While Larissa was in the hospital Mousik missed her a lot, although he made friends with Bim the dog, Anatoly Stepanovich his master, and his family. Bim licked Mousik and allowed him to take the best bits out of his bowl. They slept together and, as Anatoly Stepanovich said, even spoke about something. But at first, Mousik who apparently considered himself a senior bit Bim’s nose a couple of times, although without hurting him. Probably, he meant to keep a distance. But then, when priorities had been respected, he approached the dog himself and offered his friendship.
Unfortunately, rats do not live more than two years, but Larissa had the time to leave the hospital and to live with Mousik all the remaining months of his life, during which she
tried to learn from him love to life and courage with which he resisted the disease. Mousik really wanted to live; he was dying slowly and fought for every breath. He never closed his eyes...
Larissa said that she never had such a friendship and relationship with anyone ever. Do you not believe me?

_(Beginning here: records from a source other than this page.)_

(* Let $n\ge2$, $R_0>0$, $X\subset\mathbb R^n$, $U:=\{x\in\mathbb R^n:\operatorname{dist}(x,X)\le R_0\}$. Let $N\ge2$ be an integer, $0<R\le3^{1-N}R_0$, and $B_j=\overline B_R(x_j)$, $1\le j\le N$, closed balls with $x_j\in X$. For $x\in X$, $0<r\le R_0$, set $J(x,r):=\{j:B_j\subset B_r(x)\}$. Let $\Phi:\mathbb R_+\to\mathbb R_+$ be superadditive and $\lambda_1,\dots,\lambda_N\ge0$. Set $$b:=\min_{i\ne j}[\Phi(\lambda_i+\lambda_j)-\Phi(\lambda_i)-\Phi(\lambda_j)]\ge0,\quad \mathbf m:=\frac12\min_{i\ne j}|x_i-x_j|,\quad\rho:=\max(R,\mathbf m).$$ Suppose $h\ge0$ is a Borel function on $U\setminus\bigcup_jB_j$ such that for all $x\in X$ and $0<r\le R_0$: if $S_r(x)\cap B_j=\emptyset$ for all $j$, then $\int_{S_r(x)}h\ge\frac1r\Phi\big(\sum_{j\in J(x,r)}\lambda_j\big)$. Then $$\int_{U\setminus\bigcup_jB_j}h\ge\left(\ln\frac{R_0}{3^{N-1}R}\right)\sum_j\Phi(\lambda_j)+b\ln\frac{R_0}{3^{N-1}\rho}.$$
   Context: $B_r(x)$ is the open ball and $S_r(x)$ the sphere of radius $r$ centered at $x$, with surface measure. $\Phi$ superadditive means $\Phi(s+t)\ge\Phi(s)+\Phi(t)$ for all $s,t\ge0$. *)

theory Defs
  imports "HOL-Analysis.Analysis"
begin

text \<open>Integral of a nonnegative function over the sphere S_r(x) with respect to the
(n-1)-dimensional surface measure, n = DIM('a).  The library has no surface measure, so
we use the standard cone-measure (polar coordinates) definition:
  integral over S_r(x) of h = n r^(n-1) * integral over the unit ball B_1(0) of h(x + r y/|y|) dy.\<close>
definition sphere_nn_integral :: "('a::euclidean_space \<Rightarrow> real) \<Rightarrow> 'a \<Rightarrow> real \<Rightarrow> ennreal" where
  "sphere_nn_integral h x r =
     ennreal (real DIM('a) * r ^ (DIM('a) - 1)) *
     (\<integral>\<^sup>+ y. ennreal (h (x + (r / norm y) *\<^sub>R y)) * indicator (ball 0 1) y \<partial>lborel)"

definition superadditive :: "(real \<Rightarrow> real) \<Rightarrow> bool" where
  "superadditive \<Phi> \<longleftrightarrow> (\<forall>s t. 0 \<le> s \<longrightarrow> 0 \<le> t \<longrightarrow> \<Phi> (s + t) \<ge> \<Phi> s + \<Phi> t)"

What about you? Are you ready to take a closer look at the living beings which we haughtily call ‘our younger brothers’?
start my first story …
MOUSIK
He appeared in Larissa’s life all of a sudden, immediately after she changed the windows and the doors. Her son, Valery, who had lost the last hope to get a “bald cat” because everybody was allergic to fluffy ones, brought a white rat into the house. His buddy who bred rats for sale wanted to get rid of it. In his words, that rat was a loner, and was making all the others’ lives miserable. Valera decided to take it in. Opening a portable cage — a lock-up cell of the type the friend kept all his inhabitants in — Larissa saw the red bleary eyes of an unfortunate creature that was hiding in the far corner. White whiskers were broken off in some places, weak-sighted eyes looked past her; the toilet smell could be felt even at a distance. Ten minutes later, the rat finally decided to leave the open cage. Moving slowly, like a tightrope walker on failing legs, moving the remains of its whiskers, it crawled to the middle of the newspaper, peed on it and huddled under it. “Yet another miserable creature in the house,” Larissa thought. Taking the creature together with the newspaper in her hands, she peered into the dim eyes. The snout suddenly came to life and reached out to her; the whiskers moved in different directions; the pink nose as if made of plasticine moving drawing the air in. The funny curious snout continued to move out; then, an elongated body and a stretched out pink tail covered with white bristles appeared from under the newspaper. “Why, so you are Mousik,” Larissa said. Mousik, startled by the voice, remembered that he had to be afraid, and raced back into the cage.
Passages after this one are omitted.